Once a source is integrated, initial data fetching can take about 24 hours.

Step 2: Review Checks for Non-Vaulted Entities

Once your sources are connected and data fetching completes, CID begins to surface accounts with potential security issues. Begin by reviewing entities that are not yet vaulted, and either vault them or exclude them.

See Diagnosing Issues with the Checks Panel.

Step 3: Establish a Baseline

After vaulting and excluding relevant accounts, you'll be left with a smaller set of accounts that haven't been reviewed yet. These are the undecided cases.

This forms your CID baseline—a clean state where all known accounts are either managed, excluded, or pending review.

Step 4: Customize Privileged User Definitions

With Continuous Identity Discovery, you can update your definitions of administrator and privileged accounts.
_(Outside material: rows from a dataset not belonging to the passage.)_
lemma card_unsampled_above_sample_rank:
  "card {j \<in> {..<length xs}. j \<notin> I \<and> sort xs ! sample_rank xs I i < xs ! j} + (card I - i)
   \<le> length xs - Suc (sample_rank xs I i)"
proof -
  define R where "R = ranks xs I"
  define a where "a = sample_rank xs I i"
  have R: "finite R" "R \<subseteq> {..<length xs}" "card R = card I"
    using ranks_facts unfolding R_def by simp_all
  have "card (R \<inter> {a<..}) = card I - i"
    using card_Int_greaterThan_nth_sorted_list_of_set[of R "i - 1"] R i
    unfolding a_def sample_rank_def R_def by simp
  moreover have "{a<..<length xs} \<inter> R = R \<inter> {a<..}" using R(2) by auto
  ultimately have above: "card ({a<..<length xs} \<inter> R) = card I - i" by simp
  have "card {j \<in> {..<length xs}. j \<notin> I \<and> sort xs ! a < xs ! j}
        = card {r \<in> {..<length xs}. r \<notin> R \<and> sort xs ! a < sort xs ! r}"
    unfolding R_def by (rule card_positions_eq_card_ranks)
  also have "\<dots> \<le> card ({a<..<length xs} - R)"
    using nth_sort_less_imp_less[OF sample_rank_less_length, folded a_def]
    by (intro card_mono) auto
  also have "\<dots> = (length xs - Suc a) - (card I - i)"
    using above by (simp add: card_Diff_subset_Int)
  finally show ?thesis
    using above card_mono[of "{a<..<length xs}" "{a<..<length xs} \<inter> R"] unfolding a_def by simp
qed

end

section \<open>Concentration of sample order statistics\<close>

lemma set_pmf_sample_dist:
  assumes "s \<le> n"
  shows "set_pmf (sample_dist n s) = {I. I \<subseteq> {..<n} \<and> card I = s}"
  unfolding sample_dist_def
  using subsets_of_card_finite_nonempty[of "{..<n}" s] assms by (intro set_pmf_of_set) simp_all

lemma prob_sample_dist_mono:
  assumes "s \<le> n" and "\<And>I. I \<subseteq> {..<n} \<Longrightarrow> card I = s \<Longrightarrow> P I \<Longrightarrow> Q I"
  shows "measure_pmf.prob (sample_dist n s) {I. P I} \<le> measure_pmf.prob (sample_dist n s) {I. Q I}"
  using assms by (intro measure_pmf.finite_measure_mono_AE)
    (auto simp: AE_measure_pmf_iff set_pmf_sample_dist)

definition near_expected_rank :: "nat \<Rightarrow> nat \<Rightarrow> real \<Rightarrow> nat \<Rightarrow> nat \<Rightarrow> bool" where
  "near_expected_rank n s g i a \<longleftrightarrow>
     (real i - g) * (real n / real s) - 1 < real a \<and> real a < (real i - 1 + g) * (real n / real s)"

lemma prob_sampled_among_smallest:
  fixes g x :: real
  assumes s: "1 \<le> s" "s \<le> length xs" and g: "0 \<le> g" and t: "t \<le> length xs"
  defines "A \<equiv> nth (ranking xs) ` {..<t}" and "m \<equiv> real t * real s / real (length xs)"
  shows "x \<le> m - g \<Longrightarrow> measure_pmf.prob (sample_dist (length xs) s)
           {I. real (card (I \<inter> A)) \<le> x} \<le> exp (- 2 * g\<^sup>2 / real s)"
    and "m + g \<le> x \<Longrightarrow> measure_pmf.prob (sample_dist (length xs) s)
           {I. x \<le> real (card (I \<inter> A))} \<le> exp (- 2 * g\<^sup>2 / real s)"
proof -
  have A: "A \<subseteq> {..<length xs}" "card A = t"
    using image_ranking_lessThan_subset[OF t] card_image_ranking_lessThan[OF t]
    unfolding A_def by simp_all
  show "x \<le> m - g \<Longrightarrow> measure_pmf.prob (sample_dist (length xs) s)
          {I. real (card (I \<inter> A)) \<le> x} \<le> exp (- 2 * g\<^sup>2 / real s)"
    using hypergeometric_lower_tail[of "{..<length xs}" A s g x] A s g
    unfolding sample_dist_def m_def by simp
  show "m + g \<le> x \<Longrightarrow> measure_pmf.prob (sample_dist (length xs) s)
          {I. x \<le> real (card (I \<inter> A))} \<le> exp (- 2 * g\<^sup>2 / real s)"
    using hypergeometric_upper_tail[of "{..<length xs}" A s g x] A s g
    unfolding sample_dist_def m_def by simp
qed

context
  fixes xs :: "'a::linorder list" and s i :: nat and g :: real
  assumes s: "1 \<le> s" "s \<le> length xs" and g: "0 \<le> g" and i: "1 \<le> i" "i \<le> s"
begin

private lemma sizes_nonzero: "real s \<noteq> 0" "real (length xs) \<noteq> 0"
  using s by auto

lemma prob_sample_rank_high:
  "measure_pmf.prob (sample_dist (length xs) s)
     {I. (real i - 1 + g) * (real (length xs) / real s) \<le> real (sample_rank xs I i)}
   \<le> exp (- 2 * g\<^sup>2 / real s)"
proof -
  define n where "n = length xs"
  define x where "x = (real i - 1 + g) * (real n / real s)"
  define t where "t = nat \<lceil>x\<rceil>"
  have t_le: "t \<le> a" if "x \<le> real a" for a
    using that unfolding t_def by (simp add: nat_le_iff ceiling_le_iff)
  have "measure_pmf.prob (sample_dist n s) {I. x \<le> real (sample_rank xs I i)}
        \<le> exp (- 2 * g\<^sup>2 / real s)" (is "?p \<le> ?e")
  proof (cases "t < n")
    case True
    have "?p \<le> measure_pmf.prob (sample_dist n s)
              {I. real (card (I \<inter> nth (ranking xs) ` {..<t})) \<le> real i - 1}"
    proof (rule prob_sample_dist_mono)
      fix I assume I: "I \<subseteq> {..<n}" "card I = s" and "x \<le> real (sample_rank xs I i)"
      then have "\<not> sample_rank xs I i < t" using t_le by (simp add: not_less)
      then show "real (card (I \<inter> nth (ranking xs) ` {..<t})) \<le> real i - 1"
        using sample_rank_less_iff[of I xs i t] I i True unfolding n_def by simp
    qed (use s n_def in simp)
    also have "\<dots> \<le> ?e"
      unfolding n_def
    proof (rule prob_sampled_among_smallest(1))
      have "x \<le> real t" unfolding t_def by (rule real_nat_ceiling_ge)
      then have "x * real s / real n \<le> real t * real s / real n"
        by (intro divide_right_mono mult_right_mono) simp_all
      moreover have "x * real s / real n = real i - 1 + g"
        using sizes_nonzero unfolding x_def n_def by (simp add: field_simps)
      ultimately show "real i - 1 \<le> real t * real s / real (length xs) - g" unfolding n_def by simp
    qed (use s g True n_def in simp_all)
    finally show ?thesis .
  next
    case False
    have "?p \<le> measure_pmf.prob (sample_dist n s) {I. False}"
    proof (rule prob_sample_dist_mono)
      fix I assume "I \<subseteq> {..<n}" "card I = s" "x \<le> real (sample_rank xs I i)"
      then show False
        using sample_rank_less_length[of I xs i] i t_le False unfolding n_def by fastforce
    qed (use s n_def in simp)
    then show ?thesis by (simp add: order_trans[OF _ exp_ge_zero])
  qed
  then show ?thesis unfolding x_def n_def .
qed

lemma prob_sample_rank_low:
  "measure_pmf.prob (sample_dist (length xs) s)
     {I. real (sample_rank xs I i) \<le> (real i - g) * (real (length xs) / real s) - 1}
   \<le> exp (- 2 * g\<^sup>2 / real s)"
proof -
  define n where "n = length xs"
  define y where "y = (real i - g) * (real n / real s)"
  define t where "t = nat \<lfloor>y\<rfloor>"
  have less_t: "a < t" if "real a \<le> y - 1" for a
  proof -
    have "int a + 1 \<le> \<lfloor>y\<rfloor>" using that by (simp add: le_floor_iff)
    then show ?thesis unfolding t_def by simp
  qed
  have "measure_pmf.prob (sample_dist n s) {I. real (sample_rank xs I i) \<le> y - 1}
        \<le> exp (- 2 * g\<^sup>2 / real s)" (is "?p \<le> ?e")
  proof (cases "0 \<le> y")
    case True
    have t_y: "real t \<le> y" unfolding t_def using True by (rule of_nat_floor)
    also have "y \<le> real s * (real n / real s)"
      unfolding y_def using i g by (intro mult_right_mono) simp_all
    finally have t_n: "t \<le> n" using sizes_nonzero unfolding n_def by simp
    have "?p \<le> measure_pmf.prob (sample_dist n s)
              {I. real i \<le> real (card (I \<inter> nth (ranking xs) ` {..<t}))}"
    proof (rule prob_sample_dist_mono)
      fix I assume I: "I \<subseteq> {..<n}" "card I = s" and "real (sample_rank xs I i) \<le> y - 1"
      then have "sample_rank xs I i < t" using less_t by simp
      then show "real i \<le> real (card (I \<inter> nth (ranking xs) ` {..<t}))"
        using sample_rank_less_iff[of I xs i t] I i t_n unfolding n_def by simp
    qed (use s n_def in simp)
    also have "\<dots> \<le> ?e"
      unfolding n_def
    proof (rule prob_sampled_among_smallest(2))
      have "real t * real s / real n \<le> y * real s / real n"
        using t_y by (intro divide_right_mono mult_right_mono) simp_all
      moreover have "y * real s / real n = real i - g"
        using sizes_nonzero unfolding y_def n_def by (simp add: field_simps)
      ultimately show "real t * real s / real (length xs) + g \<le> real i" unfolding n_def by simp
    qed (use s g t_n n_def in simp_all)
    finally show ?thesis .
  next
    case False
    then have "{I. real (sample_rank xs I i) \<le> y - 1} = {}" by auto
    then show ?thesis by (simp add: order_trans[OF _ exp_ge_zero])
  qed
  then show ?thesis unfolding y_def n_def .
qed

lemma prob_not_near_expected_rank:
  "measure_pmf.prob (sample_dist (length xs) s)
     {I. \<not> near_expected_rank (length xs) s g i (sample_rank xs I i)}
   \<le> 2 * exp (- 2 * g\<^sup>2 / real s)"
proof -
  let ?P = "measure_pmf.prob (sample_dist (length xs) s)"
  let ?low = "{I. real (sample_rank xs I i) \<le> (real i - g) * (real (length xs) / real s) - 1}"
  let ?high = "{I. (real i - 1 + g) * (real (length xs) / real s) \<le> real (sample_rank xs I i)}"
  have "{I. \<not> near_expected_rank (length xs) s g i (sample_rank xs I i)} = ?low \<union> ?high"
    by (auto simp: near_expected_rank_def not_less)
  then have "?P {I. \<not> near_expected_rank (length xs) s g i (sample_rank xs I i)}
             \<le> ?P ?low + ?P ?high"
    using measure_Un_le[of ?low "measure_pmf (sample_dist (length xs) s)" ?high] by simp
  also have "\<dots> \<le> 2 * exp (- 2 * g\<^sup>2 / real s)"
    using prob_sample_rank_low prob_sample_rank_high by simp
  finally show ?thesis .
qed

end

section \<open>Pivots near their expected ranks\<close>

lemma idx_u_bounds:
  fixes k n s :: nat and g :: real
  assumes "k \<le> n" "1 \<le> s" "0 \<le> g"
  defines "r \<equiv> real k * real s / real n"
  shows "1 \<le> idx_u n k s g" "idx_u n k s g \<le> s" "r - g \<le> real (idx_u n k s g)"
    "idx_u n k s g = 1 \<or> real (idx_u n k s g) < r - g + 1"
proof -
  have "r \<le> real s"
    unfolding r_def using assms(1) by (cases "n = 0") (simp_all add: field_simps mult_right_mono)
  then have "\<lceil>r - g\<rceil> \<le> int s" using assms(3) by (simp add: ceiling_le_iff)
  moreover have u: "idx_u n k s g = nat (max \<lceil>r - g\<rceil> 1)" unfolding idx_u_def r_def ..
  ultimately show "1 \<le> idx_u n k s g" "idx_u n k s g \<le> s" using assms(2) by simp_all
  show "r - g \<le> real (idx_u n k s g)" "idx_u n k s g = 1 \<or> real (idx_u n k s g) < r - g + 1"
    unfolding u by linarith+
qed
Use this flexibility to tailor the platform discovery to your organization’s specific needs.

CID uses default definitions for Privileged and Admin accounts. If these doesn’t match your organization’s standards, you can update them:

  1. From the left navigation menu, select Inventory.

  2. Navigate to Collections > System.

  3. Modify or create custom system collections that define what constitutes a privileged or admin account

For more details, see Collections.

Step 5: Use Inventory for Advanced Filtering and Reporting

For deeper insights or customized views:

  1. From the left navigation menu, select Inventory.

  2. Select Identities.

  3. Use filters to view accounts by type, source, vault status, and more.
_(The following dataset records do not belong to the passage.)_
(* Let $i\colon\mathcal{A}\to\mathcal{A}'$ and $j\colon\mathcal{B}\to\mathcal{B}'$ be inclusions of cofinal full additive subcategories, and let $F\colon\mathcal{A}\to\mathcal{B}$ and $F'\colon\mathcal{A}'\to\mathcal{B}'$ be functors of additive categories with $j\circ F=F'\circ i$. Then: (1) the inclusion $i$ is faithfully flat; (2) $F$ is flat (respectively faithfully flat) if and only if $F'$ is flat (respectively faithfully flat).
   Context: A full additive subcategory $\mathcal{A}\subseteq\mathcal{A}'$ is cofinal if for every object $A'$ of $\mathcal{A}'$ there exist an object $A$ of $\mathcal{A}$ and morphisms $A'\to A\to A'$ composing to $\mathrm{id}_{A'}$. A sequence $A_0\xrightarrow{f}A_1\xrightarrow{g}A_2$ in an additive category is exact (at $A_1$) if $g\circ f=0$ and every morphism $h\colon A\to A_1$ with $g\circ h=0$ factors as $h=f\circ\bar h$. A functor $F$ of additive categories is flat if it maps exact sequences to exact sequences, and faithfully flat if a sequence is exact if and only if its image under $F$ is exact. *)

theory Defs
  imports Main
begin

text \<open>An additive category presented concretely: objects, typed hom-sets,
  composition (cmp g f = g after f), identities, and the abelian group
  structure (addm, zerom, negm) on each hom-set.\<close>

record ('o, 'm) addcat =
  Obj :: "'o set"
  Hom :: "'o \<Rightarrow> 'o \<Rightarrow> 'm set"
  cmp :: "'m \<Rightarrow> 'm \<Rightarrow> 'm"
  ident :: "'o \<Rightarrow> 'm"
  addm :: "'m \<Rightarrow> 'm \<Rightarrow> 'm"
  zerom :: "'o \<Rightarrow> 'o \<Rightarrow> 'm"
  negm :: "'m \<Rightarrow> 'm"

definition is_category :: "('o, 'm, 'x) addcat_scheme \<Rightarrow> bool" where
  "is_category C \<longleftrightarrow>
     (\<forall>a\<in>Obj C. ident C a \<in> Hom C a a) \<and>
     (\<forall>a\<in>Obj C. \<forall>b\<in>Obj C. \<forall>c\<in>Obj C. \<forall>f\<in>Hom C a b. \<forall>g\<in>Hom C b c.
        cmp C g f \<in> Hom C a c) \<and>
     (\<forall>a\<in>Obj C. \<forall>b\<in>Obj C. \<forall>c\<in>Obj C. \<forall>d\<in>Obj C.
        \<forall>f\<in>Hom C a b. \<forall>g\<in>Hom C b c. \<forall>h\<in>Hom C c d.
        cmp C h (cmp C g f) = cmp C (cmp C h g) f) \<and>
     (\<forall>a\<in>Obj C. \<forall>b\<in>Obj C. \<forall>f\<in>Hom C a b.
        cmp C f (ident C a) = f \<and> cmp C (ident C b) f = f)"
  4. Vault directly from this view or define reports for specific scenarios.

This feature is ideal for compliance audits, scheduled reviews, or identifying gaps in account coverage.

Next Steps

Once you’ve established your CID baseline:

  • Periodically review CID alerts and account recommendations

  • Adjust your exclusion and vaulting decisions as systems evolve

  • Leverage reporting and filters to monitor for drift or new privileged accounts

Discover Unvaulted Privileged Cloud Service Users

CID Discovery continuously identifies privileged cloud service users that are not yet vaulted in Secret Server Cloud. We recommend vaulting these accounts in Secret Server to enforce proper login, or disabling the user if access is unnecessary.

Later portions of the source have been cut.